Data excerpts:

··········

lemma inner_on_sum_right:
  assumes "\<And>i. i \<in> I \<Longrightarrow> g i = (\<Sum>j\<in>J. \<alpha> j * h j i)"
  shows "inner_on I f g = (\<Sum>j\<in>J. \<alpha> j * inner_on I f (h j))"
proof -
  have "inner_on I f g = (\<Sum>i\<in>I. \<Sum>j\<in>J. \<alpha> j * (cnj (f i) * h j i))"
    unfolding inner_on_def using assms
    by (intro sum.cong) (simp_all add: sum_distrib_left mult.left_commute)
  also have "\<dots> = (\<Sum>j\<in>J. \<alpha> j * inner_on I f (h j))"
    unfolding inner_on_def by (subst sum.swap) (simp add: sum_distrib_left)
  finally show ?thesis .
qed

lemma inner_on_sum_left:
  assumes "\<And>i. i \<in> I \<Longrightarrow> f i = (\<Sum>j\<in>J. \<alpha> j * h j i)"
  shows "inner_on I f g = (\<Sum>j\<in>J. cnj (\<alpha> j) * inner_on I (h j) g)"
proof -
  have "inner_on I g f = (\<Sum>j\<in>J. \<alpha> j * inner_on I g (h j))"
    using assms by (rule inner_on_sum_right)
  then have "cnj (inner_on I g f) = (\<Sum>j\<in>J. cnj (\<alpha> j) * inner_on I (h j) g)"
    by (simp add: cnj_sum inner_on_cnj)
  then show ?thesis
    by (simp only: inner_on_cnj)
qed

definition orthonormal_on :: "'i set \<Rightarrow> ('i \<Rightarrow> complex) list \<Rightarrow> bool" where
  "orthonormal_on I bs \<longleftrightarrow>
     (\<forall>j<length bs. \<forall>k<length bs. inner_on I (bs ! j) (bs ! k) = (if j = k then 1 else 0))"
text \<open>A letter is (a, True) for the direct letter a, (a, False) for the inverse letter a^-1.\<close>

fun lsrc :: "('a \<Rightarrow> 'v) \<Rightarrow> ('a \<Rightarrow> 'v) \<Rightarrow> 'a \<times> bool \<Rightarrow> 'v" where
  "lsrc s t (a, d) = (if d then s a else t a)"

fun ltgt :: "('a \<Rightarrow> 'v) \<Rightarrow> ('a \<Rightarrow> 'v) \<Rightarrow> 'a \<times> bool \<Rightarrow> 'v" where
  "ltgt s t (a, d) = (if d then t a else s a)"

fun linv :: "'a \<times> bool \<Rightarrow> 'a \<times> bool" where
  "linv (a, d) = (a, \<not> d)"

fun lrel :: "('a \<times> 'a) set \<Rightarrow> 'a \<times> bool \<Rightarrow> 'a \<times> bool \<Rightarrow> bool" where
  "lrel R (a, d) (b, e) =
     ((d \<and> e \<and> (a, b) \<in> R) \<or> (\<not> d \<and> \<not> e \<and> (b, a) \<in> R))"

definition is_string_word ::
  "'a set \<Rightarrow> ('a \<Rightarrow> 'v) \<Rightarrow> ('a \<Rightarrow> 'v) \<Rightarrow> ('a \<times> 'a) set \<Rightarrow> ('a \<times> bool) list \<Rightarrow> bool" where
  "is_string_word Q1 s t R w \<longleftrightarrow> fst ` set w \<subseteq> Q1 \<and>
     (\<forall>i. Suc i < length w \<longrightarrow>
        ltgt s t (w ! i) = lsrc s t (w ! Suc i) \<and>
        w ! Suc i \<noteq> linv (w ! i) \<and>
        \<not> lrel R (w ! i) (w ! Suc i))"

definition is_band ::
  "'a set \<Rightarrow> ('a \<Rightarrow> 'v) \<Rightarrow> ('a \<Rightarrow> 'v) \<Rightarrow> ('a \<times> 'a) set \<Rightarrow> ('a \<times> bool) list \<Rightarrow> bool" where
  "is_band Q1 s t R B \<longleftrightarrow> B \<noteq> [] \<and> ltgt s t (last B) = lsrc s t (hd B) \<and>
     (\<forall>n\<ge>1. is_string_word Q1 s t R (concat (replicate n B)))"

text \<open>A based representation: for each vertex x a finite index set V x (a basis of the
space at x) and for each arrow a a matrix M a with rows indexed by V (t a) and columns by
V (s a).\<close>

definition rep_iso ::
  "'v set \<Rightarrow> 'a set \<Rightarrow> ('a \<Rightarrow> 'v) \<Rightarrow> ('a \<Rightarrow> 'v) \<Rightarrow>
   ('v \<Rightarrow> 'i set) \<Rightarrow> ('a \<Rightarrow> 'i \<Rightarrow> 'i \<Rightarrow> 'k::field) \<Rightarrow>
   ('v \<Rightarrow> 'j set) \<Rightarrow> ('a \<Rightarrow> 'j \<Rightarrow> 'j \<Rightarrow> 'k) \<Rightarrow> bool" where
  "rep_iso Q0 Q1 s t V M V' M' \<longleftrightarrow>
    (\<exists>(f :: 'v \<Rightarrow> 'j \<Rightarrow> 'i \<Rightarrow> 'k) (g :: 'v \<Rightarrow> 'i \<Rightarrow> 'j \<Rightarrow> 'k).
       (\<forall>x\<in>Q0. (\<forall>r\<in>V x. \<forall>c\<in>V x. (\<Sum>k\<in>V' x. g x r k * f x k c) = (if r = c then 1 else 0)) \<and>
                (\<forall>r\<in>V' x. \<forall>c\<in>V' x. (\<Sum>k\<in>V x. f x r k * g x k c) = (if r = c then 1 else 0))) \<and>
       (\<forall>a\<in>Q1. \<forall>r\<in>V' (t a). \<forall>c\<in>V (s a).
          (\<Sum>k\<in>V' (s a). M' a r k * f (s a) k c) = (\<Sum>k\<in>V (t a). f (t a) r k * M a k c)))"

text \<open>Points of mod(A,d): families of matrices X a of size d(t a) x d(s a) (entries outside
this range and for non-arrows are 0), satisfying the relations: X b * X a = 0 for (a,b) in R.\<close>
definition modvar ::
  "'a set \<Rightarrow> ('a \<Rightarrow> 'v) \<Rightarrow> ('a \<Rightarrow> 'v) \<Rightarrow> ('a \<times> 'a) set \<Rightarrow> ('v \<Rightarrow> nat) \<Rightarrow>
   ('a \<Rightarrow> nat \<Rightarrow> nat \<Rightarrow> 'k::field) set" where
  "modvar Q1 s t R d = {X.
     (\<forall>a j i. (a \<notin> Q1 \<or> d (t a) \<le> j \<or> d (s a) \<le> i) \<longrightarrow> X a j i = 0) \<and>
     (\<forall>(a, b)\<in>R. \<forall>r < d (t b). \<forall>c < d (s a). (\<Sum>k < d (t a). X b r k * X a k c) = 0)}"

inductive_set zpoly :: "(('a \<Rightarrow> nat \<Rightarrow> nat \<Rightarrow> 'k::field) \<Rightarrow> 'k) set" where
  zconst: "(\<lambda>X. c) \<in> zpoly"
| zcoord: "(\<lambda>X. X a j i) \<in> zpoly"
| zadd: "f \<in> zpoly \<Longrightarrow> g \<in> zpoly \<Longrightarrow> (\<lambda>X. f X + g X) \<in> zpoly"
| zmult: "f \<in> zpoly \<Longrightarrow> g \<in> zpoly \<Longrightarrow> (\<lambda>X. f X * g X) \<in> zpoly"

definition zclosure ::
  "('a \<Rightarrow> nat \<Rightarrow> nat \<Rightarrow> 'k::field) set \<Rightarrow> ('a \<Rightarrow> nat \<Rightarrow> nat \<Rightarrow> 'k) set \<Rightarrow> ('a \<Rightarrow> nat \<Rightarrow> nat \<Rightarrow> 'k) set" where
  "zclosure Y S = {x\<in>Y. \<forall>f\<in>zpoly. (\<forall>y\<in>S. f y = 0) \<longrightarrow> f x = 0}"

definition orbit ::
  "'v set \<Rightarrow> 'a set \<Rightarrow> ('a \<Rightarrow> 'v) \<Rightarrow> ('a \<Rightarrow> 'v) \<Rightarrow> ('a \<times> 'a) set \<Rightarrow> ('v \<Rightarrow> nat) \<Rightarrow>
   ('v \<Rightarrow> 'i set) \<Rightarrow> ('a \<Rightarrow> 'i \<Rightarrow> 'i \<Rightarrow> 'k::field) \<Rightarrow> ('a \<Rightarrow> nat \<Rightarrow> nat \<Rightarrow> 'k) set" where
  "orbit Q0 Q1 s t R d V M = {X \<in> modvar Q1 s t R d. rep_iso Q0 Q1 s t (\<lambda>x. {..<d x}) X V M}"

definition jordan :: "'k::field \<Rightarrow> nat \<Rightarrow> nat \<Rightarrow> 'k" where
  "jordan lam r c = (if r = c then lam else if c = Suc r then 1 else 0)"

text \<open>M(B,lambda,q): basis vectors (p,k), p a position of B (vertex v_p = source of b_p),
k < q.  The letter at position 0 is the fixed letter acting by J(lambda,q).\<close>
definition bandV :: "('a \<Rightarrow> 'v) \<Rightarrow> ('a \<Rightarrow> 'v) \<Rightarrow> ('a \<times> bool) list \<Rightarrow> nat \<Rightarrow> 'v \<Rightarrow> (nat \<times> nat) set" where
  "bandV s t B q x = {(p, k). p < length B \<and> lsrc s t (B ! p) = x \<and> k < q}"

definition bandM :: "('a \<times> bool) list \<Rightarrow> 'k::field \<Rightarrow> 'a \<Rightarrow> nat \<times> nat \<Rightarrow> nat \<times> nat \<Rightarrow> 'k" where
  "bandM B lam a rk cl = (case rk of (r, k') \<Rightarrow> case cl of (c, k) \<Rightarrow>
     (\<Sum>p < length B.
        let e = (if p = 0 then jordan lam k' k else (if k' = k then 1 else 0)) in
        (if B ! p = (a, True) \<and> c = p \<and> r = Suc p mod length B then e else 0) +
        (if B ! p = (a, False) \<and> c = Suc p mod length B \<and> r = p then e else 0)))"

definition bsumV :: "('a \<Rightarrow> 'v) \<Rightarrow> ('a \<Rightarrow> 'v) \<Rightarrow> ('a \<times> bool) list \<Rightarrow> nat list \<Rightarrow> 'v \<Rightarrow> (nat \<times> nat \<times> nat) set" where
  "bsumV s t B qs x = {(j, b). j < length qs \<and> b \<in> bandV s t B (qs ! j) x}"

definition bsumM :: "('a \<times> bool) list \<Rightarrow> 'k::field list \<Rightarrow> 'a \<Rightarrow> nat \<times> nat \<times> nat \<Rightarrow> nat \<times> nat \<times> nat \<Rightarrow> 'k" where
  "bsumM B ls a rb cb = (case rb of (j', b') \<Rightarrow> case cb of (j, b) \<Rightarrow>
     (if j' = j then bandM B (ls ! j) a b' b else 0))"

definition band_dim :: "('a \<Rightarrow> 'v) \<Rightarrow> ('a \<Rightarrow> 'v) \<Rightarrow> ('a \<times> bool) list \<Rightarrow> 'v \<Rightarrow> nat" where
  "band_dim s t B x = card {p. p < length B \<and> lsrc s t (B ! p) = x}"

text \<open>The family O_{B^{x q}}: union of the orbits of all
M(B,lambda_1,q_1) + ... + M(B,lambda_r,q_r) with (q_j) a partition of q, lambda_j nonzero.\<close>
definition band_family ::
  "'v set \<Rightarrow> 'a set \<Rightarrow> ('a \<Rightarrow> 'v) \<Rightarrow> ('a \<Rightarrow> 'v) \<Rightarrow> ('a \<times> 'a) set \<Rightarrow> ('a \<times> bool) list \<Rightarrow> nat \<Rightarrow>
   ('a \<Rightarrow> nat \<Rightarrow> nat \<Rightarrow> 'k::field) set" where
  "band_family Q0 Q1 s t R B q =
     (\<Union>{orbit Q0 Q1 s t R (\<lambda>x. q * band_dim s t B x) (bsumV s t B qs) (bsumM B ls) |
          qs ls. (\<forall>j\<in>set qs. j \<ge> 1) \<and> sum_list qs = q \<and> length ls = length qs \<and> (0::'k) \<notin> set ls})"

end

theory Submission
  imports Defs
begin

(* Let X be isomorphic to M(B,lambda_1,q_1) + ... + M(B,lambda_r,q_r).  All these modules are one
   band representation on (positions of B) x (multiplicity space), in which the distinguished
   letter acts by the block diagonal matrix of the Jordan blocks J(lambda_j,q_j) and all other
   letters by identities; transporting along an isomorphism writes X = g N f.  Replacing
   J(lambda_j,q_j) by the bidiagonal matrix with diagonal lambda_j + tau c_0, ..., with c injective,
   gives a curve tau |-> g N_tau f that is polynomial in tau, passes through X at tau = 0 and stays
   in mod(A,d), because a relation of A only ever meets two consecutive letters of the band.
   For all but finitely many tau the diagonal entries are nonzero and pairwise distinct, so
   the bidiagonal blocks are diagonalisable and g N_tau f is isomorphic to a direct sum of q band
   modules M(B,mu,1).  A polynomial vanishing on that family vanishes on infinitely many points
   of the curve, hence on the whole curve, in particular at X. *)

lemma alg_closed_field_infinite: "infinite (UNIV :: 'k::alg_closed_field set)"
proof
  assume fin: "finite (UNIV :: 'k set)"
  define p :: "'k poly" where "p = (\<Prod>a\<in>UNIV. [:-a, 1:])"
  have "degree p = card (UNIV :: 'k set)"
    unfolding p_def by (subst degree_prod_eq_sum_degree) auto
  moreover have "card (UNIV :: 'k set) > 0"
    using fin by (simp add: finite_UNIV_card_ge_0)
  ultimately have "degree (p + 1) > 0"
    by (subst degree_add_eq_left) auto
  then obtain x where "poly (p + 1) x = 0"
    using alg_closed_imp_poly_has_root by blast
  moreover have "poly p x = 0"
    unfolding p_def poly_prod using fin by (simp add: prod_zero_iff)
  ultimately show False by simp
qed

subsection \<open>Polynomial curves and the Zariski closure\<close>

definition is_polyfun :: "('k::comm_semiring_1 \<Rightarrow> 'k) \<Rightarrow> bool" where
  "is_polyfun F \<longleftrightarrow> (\<exists>p. \<forall>x. F x = poly p x)"

lemma is_polyfun_const: "is_polyfun (\<lambda>x. c)"
  unfolding is_polyfun_def by (rule exI[of _ "[:c:]"]) simp

lemma is_polyfun_ident: "is_polyfun (\<lambda>x. x)"
  unfolding is_polyfun_def by (rule exI[of _ "[:0, 1:]"]) simp

lemma is_polyfun_add: "is_polyfun F \<Longrightarrow> is_polyfun G \<Longrightarrow> is_polyfun (\<lambda>x. F x + G x)"
  unfolding is_polyfun_def by (metis poly_add)

lemma is_polyfun_mult:
  "is_polyfun F \<Longrightarrow> is_polyfun G \<Longrightarrow> is_polyfun (\<lambda>x. F x * G x)"
  unfolding is_polyfun_def by (metis poly_mult)

lemma is_polyfun_sum:
  "(\<And>i. i \<in> S \<Longrightarrow> is_polyfun (F i)) \<Longrightarrow> is_polyfun (\<lambda>x. \<Sum>i\<in>S. F i x)"
  by (induction S rule: infinite_finite_induct) (auto intro: is_polyfun_const is_polyfun_add)

lemma is_polyfun_if: "is_polyfun F \<Longrightarrow> is_polyfun G \<Longrightarrow> is_polyfun (\<lambda>x. if b then F x else G x)"
  by (cases b) auto

lemma is_polyfun_zpoly:
  assumes "h \<in> zpoly" and "\<And>a j i. is_polyfun (\<lambda>\<tau>. Y \<tau> a j i)"
  shows "is_polyfun (\<lambda>\<tau>. h (Y \<tau>))"
  using assms by (induction rule: zpoly.induct) (auto intro: is_polyfun_const is_polyfun_add is_polyfun_mult)
lemma psd_det_nonneg:
  assumes psd: "psd S" and dim: "dim_row S = 2"
  shows "det S \<ge> 0"
proof -
  have S: "S \<in> carrier_mat 2 2" and sym: "S\<^sup>T = S"
    using psd dim unfolding psd_def by auto
  have sym01: "S $$ (1, 0) = S $$ (0, 1)" using arg_cong[OF sym, of "\<lambda>M. M $$ (0, 1)"] S by simp
  have "S $$ (0, 0) * c\<^sup>2 + 2 * S $$ (0, 1) * c * d + S $$ (1, 1) * d\<^sup>2 \<ge> 0" for c d
  proof -
    define v :: "real vec" where "v = vec 2 (\<lambda>i. if i = 0 then c else d)"
    have "v \<in> carrier_vec 2" unfolding v_def by simp
    then have "v \<bullet> (S *\<^sub>v v) \<ge> 0" using psd dim unfolding psd_def by simp
    then show ?thesis
      using scalar_prod_mult_mat_vec_2[OF S, of v] sym01 unfolding v_def
      by (simp add: algebra_simps power2_eq_square)
  qed
  then have "(S $$ (0, 1))\<^sup>2 \<le> S $$ (0, 0) * S $$ (1, 1)"
    by (rule binary_quadratic_form_nonneg_discriminant)
  then show ?thesis using det_2x2[OF S] sym01 by (simp add: power2_eq_square)
qed

section \<open>Adjacency matrices\<close>

lemma adj_matrix_carrier: "adj_matrix n E \<in> carrier_mat n n"
  by (simp add: adj_matrix_def)

lemma adj_matrix_index:
  assumes "i < n" and "j < n"
  shows "adj_matrix n E $$ (i, j) = (if E i j then 1 else 0)"
  using assms by (simp add: adj_matrix_def)

lemma adj_matrix_transpose:
  assumes "\<And>i j. E i j \<Longrightarrow> E j i"
  shows "(adj_matrix n E)\<^sup>T = adj_matrix n E"
  using assms by (intro eq_matI) (auto simp: adj_matrix_def)

lemma adj_matrix_square_index:
  assumes sym: "\<And>i j. E i j \<Longrightarrow> E j i" and i: "i < n" and j: "j < n"
  shows "(adj_matrix n E * adj_matrix n E) $$ (i, j) = real (common_nbrs n E i j)"
proof -
  have "(adj_matrix n E * adj_matrix n E) $$ (i, j)
      = (\<Sum>k\<in>{0..<n}. if E i k \<and> E j k then 1 else 0)"
    using i j sym by (auto simp: adj_matrix_def scalar_prod_def intro: sum.cong)
  also have "\<dots> = real (card {k. k < n \<and> E i k \<and> E j k})"
    by (simp add: sum.If_cases Int_def atLeast0LessThan conj_commute)
  finally show ?thesis unfolding common_nbrs_def .
qed
(* Let $f\in\mathcal{S}_G^{\ast}$ and let its inverse have the expansion $f^{-1}(w)=w+A_2w^2+A_3w^3+\cdots$ near $w=0$. Then $$|A_2|\le\frac12,\qquad |A_3|\le\frac5{12},\qquad |A_4|\le\frac{31}{72}.$$ The bounds on $|A_2|$ and $|A_3|$ are sharp.
   Context: Let $\mathcal{U}=\{z\in\mathbb{C}:|z|<1\}$. Let $\mathcal{S}$ denote the class of functions $f$ analytic and univalent in $\mathcal{U}$ normalized by $f(0)=0$, $f'(0)=1$; each such $f$ has an analytic inverse $f^{-1}$ on $|w|<1/4$. For analytic $g,h$ on $\mathcal{U}$, $g\prec h$ means there is an analytic $w$ on $\mathcal{U}$ with $w(0)=0$, $|w(z)|<1$, and $g(z)=h(w(z))$. Let $\Psi(z)=\frac{z}{\ln(1+z)}$ on $\mathcal{U}$ (principal branch, $\Psi(0)=1$). Define $\mathcal{S}_G^{\ast}=\{f\in\mathcal{S}: zf'(z)/f(z)\prec\Psi(z)\}$. "Sharp" means the bound is attained by some function in $\mathcal{S}_G^{\ast}$. *)

theory Defs
  imports "HOL-Complex_Analysis.Complex_Analysis"
begin

abbreviation unit_disk :: "complex set" where
  "unit_disk \<equiv> ball 0 1"

definition subordinate :: "(complex \<Rightarrow> complex) \<Rightarrow> (complex \<Rightarrow> complex) \<Rightarrow> bool" where
  "subordinate g h \<longleftrightarrow> (\<exists>w. w holomorphic_on unit_disk \<and> w 0 = 0 \<and>
      (\<forall>z\<in>unit_disk. norm (w z) < 1 \<and> g z = h (w z)))"

definition class_S :: "(complex \<Rightarrow> complex) set" where
  "class_S = {f. f holomorphic_on unit_disk \<and> inj_on f unit_disk \<and> f 0 = 0 \<and> deriv f 0 = 1}"

definition Psi :: "complex \<Rightarrow> complex" where
  "Psi z = (if z = 0 then 1 else z / Ln (1 + z))"

definition starlike_quot :: "(complex \<Rightarrow> complex) \<Rightarrow> complex \<Rightarrow> complex" where
  "starlike_quot f z = (if z = 0 then 1 else z * deriv f z / f z)"

definition class_SG :: "(complex \<Rightarrow> complex) set" where
  "class_SG = {f \<in> class_S. subordinate (starlike_quot f) Psi}"

text \<open>n-th Taylor coefficient at 0 of the inverse function f^{-1}
  (the inverse of f restricted to the unit disk; it is analytic near 0).\<close>
definition inv_coeff :: "(complex \<Rightarrow> complex) \<Rightarrow> nat \<Rightarrow> complex" where
  "inv_coeff f n = (deriv ^^ n) (inv_into unit_disk f) 0 / of_nat (fact n)"

end

(* Write z f'(z) / f(z) = Psi (w z) with a Schwarz function w z = c1 z + c2 z^2 + c3 z^3 + ...
   Comparing coefficients in z f' = Psi(w) f and in f^-1 (f z) = z, using
   Psi z = 1 + z/2 - z^2/12 + z^3/24 + ..., gives

     A2 = - c1/2,   A3 = 5/12 c1^2 - c2/4,   A4 = - (c3 - 10/3 c1 c2 + 31/12 c1^3) / 6.

   The bounds for A2 and A3 follow from |c1| <= 1 and |c2| <= 1 - |c1|^2.  For A4, one step of
   the Schur algorithm writes c2 = (1 - |c1|^2) d1 and c3 = (1 - |c1|^2) (d2 - cnj c1 d1^2) with
   the coefficients of another Schwarz function, and the estimate reduces to a polynomial
   inequality in |c1|^2 and |d1|^2 that has a sum-of-squares certificate.
   Equality in the first two bounds holds for w z = z, that is for
   f z = z exp (integral from 0 to z of (Psi t - 1) / t), which is univalent because Re Psi > 0
   makes it starlike. *)

theory Submission
  imports Defs
begin

unbundle no vec_syntax

\<comment> \<open>Keep the coefficient index 1 from being rewritten to Suc 0.\<close>
declare One_nat_def [simp del]

section \<open>Power series expansions\<close>

lemma has_fps_expansion_cong_ball:
  fixes f g :: "complex \<Rightarrow> complex"
  assumes "r > 0" "\<And>z. z \<in> ball 0 r \<Longrightarrow> f z = g z"
  shows "f has_fps_expansion F \<longleftrightarrow> g has_fps_expansion F"
proof -
  have "eventually (\<lambda>z. z \<in> ball 0 r) (nhds 0)"
    using assms(1) by (intro eventually_nhds_in_open) auto
  then have "eventually (\<lambda>z. f z = g z) (nhds 0)"
    by eventually_elim (rule assms(2))
  then show ?thesis
    by (rule has_fps_expansion_cong) (rule refl)
qed

lemma fps_expansion_eq_if_eq_on_ball:
  fixes f g :: "complex \<Rightarrow> complex"
  assumes "f has_fps_expansion F" "g has_fps_expansion G"
    and "r > 0" "\<And>z. z \<in> ball 0 r \<Longrightarrow> f z = g z"
  shows "F = G"
proof -
  have "f has_fps_expansion G \<longleftrightarrow> g has_fps_expansion G"
    using assms(3,4) by (rule has_fps_expansion_cong_ball)
  with assms(1,2) show ?thesis
    using fps_expansion_unique_complex by blast
qed

lemma has_fps_expansion_fps_expansion_unit_disk:
  "f holomorphic_on ball 0 1 \<Longrightarrow> f has_fps_expansion fps_expansion f 0"
  by (rule has_fps_expansion_fps_expansion[of "ball 0 1"]) auto

lemma fps_expansion_nth_0: "fps_expansion f 0 $ 0 = f 0"
  by (simp add: fps_expansion_def)

lemma fps_expansion_nth_1: "fps_expansion f 0 $ 1 = deriv f 0"
  by (simp add: fps_expansion_def One_nat_def)

lemma fps_mult_nth_upto4:
  fixes A B :: "'a::comm_semiring_1 fps"
  shows "(A * B) $ 0 = A$0 * B$0"
    "(A * B) $ 1 = A$0 * B$1 + A$1 * B$0"
    "(A * B) $ 2 = A$0 * B$2 + A$1 * B$1 + A$2 * B$0"
    "(A * B) $ 3 = A$0 * B$3 + A$1 * B$2 + A$2 * B$1 + A$3 * B$0"
    "(A * B) $ 4 = A$0 * B$4 + A$1 * B$3 + A$2 * B$2 + A$3 * B$1 + A$4 * B$0"
  by (simp_all add: fps_mult_nth atLeast0AtMost atMost_nat_numeral One_nat_def add_ac)

lemma fps_power_nth_upto4:
  fixes B :: "'a::comm_ring_1 fps"
  assumes "B $ 0 = 0"
  shows "(B^2) $ 1 = 0" "(B^2) $ 2 = (B$1)^2" "(B^2) $ 3 = 2 * B$1 * B$2"
    "(B^2) $ 4 = 2 * B$1 * B$3 + (B$2)^2"
    "(B^3) $ 1 = 0" "(B^3) $ 2 = 0" "(B^3) $ 3 = (B$1)^3" "(B^3) $ 4 = 3 * (B$1)^2 * B$2"
    "(B^4) $ 1 = 0" "(B^4) $ 2 = 0" "(B^4) $ 3 = 0" "(B^4) $ 4 = (B$1)^4"
  unfolding power2_eq_square power3_eq_cube power4_eq_xxxx
  by (simp_all add: fps_mult_nth_upto4 assms algebra_simps)

lemma fps_compose_nth_upto4:
  fixes A B :: "'a::comm_ring_1 fps"
  assumes "B $ 0 = 0"
  shows "(A oo B) $ 1 = A$1 * B$1"
    "(A oo B) $ 2 = A$1 * B$2 + A$2 * (B$1)^2"
    "(A oo B) $ 3 = A$1 * B$3 + 2 * A$2 * B$1 * B$2 + A$3 * (B$1)^3"
    "(A oo B) $ 4 = A$1 * B$4 + A$2 * (2 * B$1 * B$3 + (B$2)^2) + 3 * A$3 * (B$1)^2 * B$2
       + A$4 * (B$1)^4"
  by (simp_all add: fps_compose_nth atLeast0AtMost atMost_nat_numeral One_nat_def
      fps_power_nth_upto4[OF assms] assms)

definition diff_quot0 :: "(complex \<Rightarrow> complex) \<Rightarrow> complex \<Rightarrow> complex" where
  "diff_quot0 f z = (if z = 0 then deriv f 0 else (f z - f 0) / z)"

··········

Task brief: Reproduce every line from the preceding data in which the word "that" can be found.

Solution to this problem:
   gives a curve tau |-> g N_tau f that is polynomial in tau, passes through X at tau = 0 and stays
   modules M(B,mu,1).  A polynomial vanishing on that family vanishes on infinitely many points
   inequality in |c1|^2 and |d1|^2 that has a sum-of-squares certificate.
   Equality in the first two bounds holds for w z = z, that is for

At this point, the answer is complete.